(* Assume (C1)–(C3). Let $\alpha\in(0,1)$ and suppose there are $\gamma>0$, $\Gamma>0$ and $r_0\ge0$ such that $$A(x)-\Big(1-\frac{\gamma}{2}\Big)C_0(x)+B_0(x)\le-\Gamma|x|^{\gamma\alpha-\gamma+2},\qquad |x|\ge r_0,$$ and suppose further that $\gamma<2/(1-\alpha)$ and that there is $\Delta\ge1$ with $\Delta^{-1}\le C_0(x)\le\Delta$ for all $|x|\ge r_0$. Then there is $r'\ge r_0$ such that, with $I_0(r):=\int_{r'}^r\frac{\iota_0(s)}{s}ds$ for $r\ge r'$, $$\int_{r'}^\infty\Big(\int_{r'}^u e^{-I_0(v)}dv+1\Big)^\alpha\frac{e^{I_0(u)}}{\gamma_0(u)}du<\infty,$$ i.e. the integrability condition of Theorem 1.1 holds with $x_0=0$, base radius $r'$ and $\varphi(t)=t^\alpha$.
   Context: Let $b:\mathbb{R}^d\to\mathbb{R}^d$, $\sigma:\mathbb{R}^d\to\mathbb{R}^{d\times n}$ Borel measurable, $\|M\|_{\mathrm{HS}}^2=\mathrm{Tr}\,MM^T$. (C1) for every $r>0$, $\sup_{|x|<r}(|b(x)|+\|\sigma(x)\|_{\mathrm{HS}})<\infty$; (C2) for every $r>0$ there is $\Gamma_r>0$ with $2\langle x-y,b(x)-b(y)\rangle+\|\sigma(x)-\sigma(y)\|^2_{\mathrm{HS}}\le\Gamma_r|x-y|^2$ for $|x|,|y|<r$; (C3) there is $\Gamma>0$ with $2\langle x,b(x)\rangle+\|\sigma(x)\|^2_{\mathrm{HS}}\le\Gamma(1+|x|^2)$. Notation: $c=\sigma\sigma^T$, $A(x)=\frac12\mathrm{Tr}\,c(x)$, $B_0(x)=\langle x,b(x)\rangle$, $C_0(x)=\langle x,c(x)x\rangle/|x|^2$ ($x\ne0$), $\gamma_0(r)=\inf_{|x|=r}C_0(x)$, $\iota_0(r)=\sup_{|x|=r}\frac{2A(x)-C_0(x)+2B_0(x)}{C_0(x)}$. *)

theory Defs
  imports "HOL-Analysis.Analysis"
begin

(* Coefficients: b :: real^'d => real^'d, sigma :: real^'d => real^'n^'d (a d x n matrix,
   rows indexed by 'd, columns by 'n). *)

definition hs_norm :: "real^'n^'d \<Rightarrow> real" where
  "hs_norm M = sqrt (trace (M ** transpose M))"

definition cmat :: "(real^'d \<Rightarrow> real^'n^'d) \<Rightarrow> real^'d \<Rightarrow> real^'d^'d" where
  "cmat \<sigma> x = \<sigma> x ** transpose (\<sigma> x)"

definition Acoef :: "(real^'d \<Rightarrow> real^'n^'d) \<Rightarrow> real^'d \<Rightarrow> real" where
  "Acoef \<sigma> x = trace (cmat \<sigma> x) / 2"

definition B0 :: "(real^'d \<Rightarrow> real^'d) \<Rightarrow> real^'d \<Rightarrow> real" where
  "B0 b x = x \<bullet> b x"

(* only meaningful for x \<noteq> 0 *)
definition C0 :: "(real^'d \<Rightarrow> real^'n^'d) \<Rightarrow> real^'d \<Rightarrow> real" where
  "C0 \<sigma> x = (x \<bullet> (cmat \<sigma> x *v x)) / (norm x)^2"

definition gamma0 :: "(real^'d \<Rightarrow> real^'n^'d) \<Rightarrow> real \<Rightarrow> real" where
  "gamma0 \<sigma> r = (INF x\<in>{x. norm x = r}. C0 \<sigma> x)"

definition iota0 :: "(real^'d \<Rightarrow> real^'d) \<Rightarrow> (real^'d \<Rightarrow> real^'n^'d) \<Rightarrow> real \<Rightarrow> real" where
  "iota0 b \<sigma> r = (SUP x\<in>{x. norm x = r}.
      (2 * Acoef \<sigma> x - C0 \<sigma> x + 2 * B0 b x) / C0 \<sigma> x)"

end

theory Submission
  imports Defs "HOL-Real_Asymp.Real_Asymp"
begin

text \<open>Write \<open>p = \<gamma>\<alpha> - \<gamma> + 2\<close>, which is positive exactly because \<open>\<gamma> < 2/(1 - \<alpha>)\<close>.
  Dividing the drift condition by \<open>C0 \<le> \<Delta>\<close> gives \<open>iota0 s \<le> (1 - \<gamma>) - 2\<Gamma> s^p / \<Delta>\<close>, so
  \<open>iota0 s / s \<le> -K s^(p-1)\<close> beyond some radius \<open>r'\<close>. Hence \<open>I0\<close> is decreasing with
  \<open>I0 u \<le> -(K/p)(u^p - r'^p)\<close>, the inner integral \<open>\<integral>[r',u] exp (-I0)\<close> is at most
  \<open>(u - r') exp (-I0 u)\<close>, and the integrand is bounded by \<open>\<Delta> (u - r' + 1)^\<alpha> exp ((1 - \<alpha>) I0 u)\<close>,
  which decays like a stretched exponential.

  The real work is measurability of \<open>iota0\<close> and \<open>gamma0\<close>, a supremum and an infimum over spheres.
  (C1) and (C2) make \<open>\<sigma>\<close> continuous and \<open>b\<close> one-sided Lipschitz along rays, which makes \<open>iota0\<close>
  lower and \<open>gamma0\<close> upper semicontinuous from the left; a superlevel set of such a function contains
  a left neighbourhood of each of its points, and such sets are Borel.\<close>

lemma trace_mult_transpose_self:
  fixes M :: "real^'n^'d"
  shows "trace (M ** transpose M) = (\<Sum>i\<in>UNIV. \<Sum>j\<in>UNIV. (M$i$j)^2)"
  by (simp add: trace_def matrix_matrix_mult_def transpose_def power2_eq_square)

lemma hs_norm_power2: "(hs_norm M)^2 = (\<Sum>i\<in>UNIV. \<Sum>j\<in>UNIV. (M$i$j)^2)"
  unfolding hs_norm_def trace_mult_transpose_self by (simp add: sum_nonneg)

lemma hs_norm_nonneg: "0 \<le> hs_norm M"
  unfolding hs_norm_def trace_mult_transpose_self by (simp add: sum_nonneg)

lemma abs_entry_le_hs_norm: "\<bar>M$i$j\<bar> \<le> hs_norm M"
proof -
  have "(M$i$j)^2 \<le> (\<Sum>j\<in>UNIV. (M$i$j)^2)"
    by (rule member_le_sum) auto
  also have "\<dots> \<le> (\<Sum>i\<in>UNIV. \<Sum>j\<in>UNIV. (M$i$j)^2)"
    by (rule member_le_sum[where f="\<lambda>i. \<Sum>j\<in>UNIV. (M$i$j)^2"]) (auto intro: sum_nonneg)
  finally have "(M$i$j)^2 \<le> (hs_norm M)^2" by (simp add: hs_norm_power2)
  then show ?thesis using hs_norm_nonneg[of M] by (metis abs_le_square_iff abs_of_nonneg)
qed

lemma Acoef_eq_sum: "Acoef \<sigma> x = (\<Sum>i\<in>UNIV. \<Sum>j\<in>UNIV. (\<sigma> x$i$j)^2) / 2"
  unfolding Acoef_def cmat_def trace_mult_transpose_self ..

lemma Acoef_nonneg: "0 \<le> Acoef \<sigma> x"
  unfolding Acoef_eq_sum by (simp add: sum_nonneg)

lemma inner_cmat_mult_self: "x \<bullet> (cmat \<sigma> x *v x) = (\<Sum>j\<in>UNIV. (\<Sum>i\<in>UNIV. x$i * \<sigma> x$i$j)^2)"
proof -
  have "x \<bullet> (cmat \<sigma> x *v x) = (x v* \<sigma> x) \<bullet> (transpose (\<sigma> x) *v x)"
    unfolding cmat_def by (simp add: matrix_vector_mul_assoc[symmetric] dot_lmul_matrix)
  also have "x v* \<sigma> x = transpose (\<sigma> x) *v x"
    by (metis transpose_transpose vector_transpose_matrix)
  finally show ?thesis
    unfolding inner_vec_def matrix_vector_mult_def transpose_def
    by (simp add: power2_eq_square mult.commute)
qed

lemma sphere_nonempty: "0 \<le> r \<Longrightarrow> {x::real^'d. norm x = r} \<noteq> {}"
  by (metis (mono_tags) empty_iff mem_Collect_eq norm_axis_1 norm_scaleR abs_of_nonneg mult.right_neutral)

lemma left_neighbourhood_less:
  fixes \<phi> :: "real \<Rightarrow> real"
  assumes "continuous (at t) \<phi>" "c < \<phi> t"
  shows "\<exists>h>0. \<forall>s\<in>{t - h<..t}. c < \<phi> s"
proof -
  have "eventually (\<lambda>s. c < \<phi> s) (at t)"
    using order_tendstoD(1)[OF assms(1)[unfolded continuous_at] assms(2)] .
  then obtain h where "h > 0" "\<And>s. s \<noteq> t \<Longrightarrow> dist s t < h \<Longrightarrow> c < \<phi> s"
    unfolding eventually_at by auto
  then have "c < \<phi> s" if "t - h < s" "s \<le> t" for s
    using assms(2) that by (cases "s = t") (auto simp: dist_real_def)
  then show ?thesis
    using \<open>h > 0\<close> by auto
qed

lemma sets_borel_if_left_neighbourhoods:
  fixes S :: "real set"
  assumes "\<And>t. t \<in> S \<Longrightarrow> \<exists>h>0. {t - h<..t} \<subseteq> S"
  shows "S \<in> sets borel"
proof -
  obtain h where h: "\<And>t. t \<in> S \<Longrightarrow> h t > 0 \<and> {t - h t<..t} \<subseteq> S"
    using assms by metis
  define T where "T = S - interior S"
  have int: "{t - h t<..<t} \<subseteq> interior S" if "t \<in> S" for t
    using h[OF that] by (intro interior_maximal) auto
  \<comment> \<open>distinct points of \<open>T\<close> have disjoint left neighbourhoods, so \<open>T\<close> injects into \<open>\<rat>\<close>\<close>
  obtain q where q: "\<And>t. t \<in> T \<Longrightarrow> q t \<in> \<rat> \<and> t - h t < q t \<and> q t < t"
  proof -
    have "\<exists>r. r \<in> \<rat> \<and> t - h t < r \<and> r < t" if "t \<in> T" for t
      using h[of t] that Rats_dense_in_real[of "t - h t" t] unfolding T_def by auto
    then show ?thesis using that by metis
  qed
  have "q t1 \<noteq> q t2" if "t1 \<in> T" "t2 \<in> T" "t1 < t2" for t1 t2
  proof (cases "t1 \<le> t2 - h t2")
    case True
    then show ?thesis using q[OF that(1)] q[OF that(2)] by linarith
  next
    case False
    then have "t1 \<in> {t2 - h t2<..<t2}" using that by auto
    then have "t1 \<in> interior S" using that(2) int[of t2] unfolding T_def by blast
    then show ?thesis using that(1) unfolding T_def by blast
  qed
  then have "inj_on q T"
    by (metis inj_onI linorder_neqE_linordered_idom)
  moreover have "countable (q ` T)"
    using q countable_rat by (blast intro: countable_subset)
  ultimately have "countable T" by (rule countable_image_inj_on[rotated])
  then have "T \<in> sets borel" by (rule sets.countable[rotated]) auto
  moreover have "S = interior S \<union> T" unfolding T_def using interior_subset by blast
  ultimately show ?thesis by (metis borel_open open_interior sets.Un)
qed

lemma measurable_greaterThan_if_left_lsc:
  fixes f :: "real \<Rightarrow> real"
  assumes lsc: "\<And>t a. r < t \<Longrightarrow> a < f t \<Longrightarrow> \<exists>h>0. \<forall>s\<in>{t - h<..t}. a < f s"
  shows "f \<in> borel_measurable (lebesgue_on {r<..})"
proof -
  define f' where "f' s = (if r < s then f s else 0)" for s
  have "{s. a < f' s} \<in> sets borel" for a
  proof (rule sets_borel_if_left_neighbourhoods)
    fix t assume "t \<in> {s. a < f' s}"
    then have ta: "a < f' t" by simp
    show "\<exists>h>0. {t - h<..t} \<subseteq> {s. a < f' s}"
    proof (cases "r < t")
      case True
      then have "a < f t" using ta unfolding f'_def by simp
      then obtain h where "h > 0" "\<forall>s\<in>{t - h<..t}. a < f s"
        using lsc[OF True] by blast
      then show ?thesis
        using True by (intro exI[of _ "min h (t - r)"]) (auto simp: f'_def)
    next
      case False
      then show ?thesis using ta by (intro exI[of _ 1]) (auto simp: f'_def)
    qed
  qed
  then have "f' \<in> borel_measurable borel"
    by (auto simp: borel_measurable_iff_greater)
  then have "f' \<in> borel_measurable (lebesgue_on {r<..})"
    by (intro measurable_restrict_space1 measurable_completion) simp
  then show ?thesis
    by (rule measurable_cong[THEN iffD1, rotated]) (simp add: f'_def)
qed

lemma continuous_on_atLeast_integral:
  fixes f :: "real \<Rightarrow> real"
  assumes "\<And>u. f integrable_on {r..u}"
  shows "continuous_on {r..} (\<lambda>u. integral {r..u} f)"
  unfolding continuous_on_eq_continuous_within
proof
  fix u assume "u \<in> {r..}"
  have "continuous_on {r..u + 1} (\<lambda>u. integral {r..u} f)"
    by (rule indefinite_integral_continuous_1[OF assms])
  then have "continuous (at u within {r..u + 1}) (\<lambda>u. integral {r..u} f)"
    using \<open>u \<in> {r..}\<close> by (simp add: continuous_on_eq_continuous_within)
  moreover have "at u within {r..} = at u within {r..u + 1}"
    by (rule at_within_nhd[of _ "{..<u + 1}"]) auto
  ultimately show "continuous (at u within {r..}) (\<lambda>u. integral {r..u} f)"
    by simp
qed

lemma integrable_exp_neg_integral:
  fixes f :: "real \<Rightarrow> real"
  assumes "\<And>u. f integrable_on {r..u}"
  shows "(\<lambda>v. exp (- integral {r..v} f)) integrable_on {r..u}"
  using continuous_on_subset[OF continuous_on_atLeast_integral[OF assms], of "{r..u}"]
  by (intro integrable_continuous_interval continuous_intros) auto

Problem: Which of the lines in the material carry the string "noteq"? Pull them out.

Expected answer:
(* only meaningful for x \<noteq> 0 *)
lemma sphere_nonempty: "0 \<le> r \<Longrightarrow> {x::real^'d. norm x = r} \<noteq> {}"
  then obtain h where "h > 0" "\<And>s. s \<noteq> t \<Longrightarrow> dist s t < h \<Longrightarrow> c < \<phi> s"
  have "q t1 \<noteq> q t2" if "t1 \<in> T" "t2 \<in> T" "t1 < t2" for t1 t2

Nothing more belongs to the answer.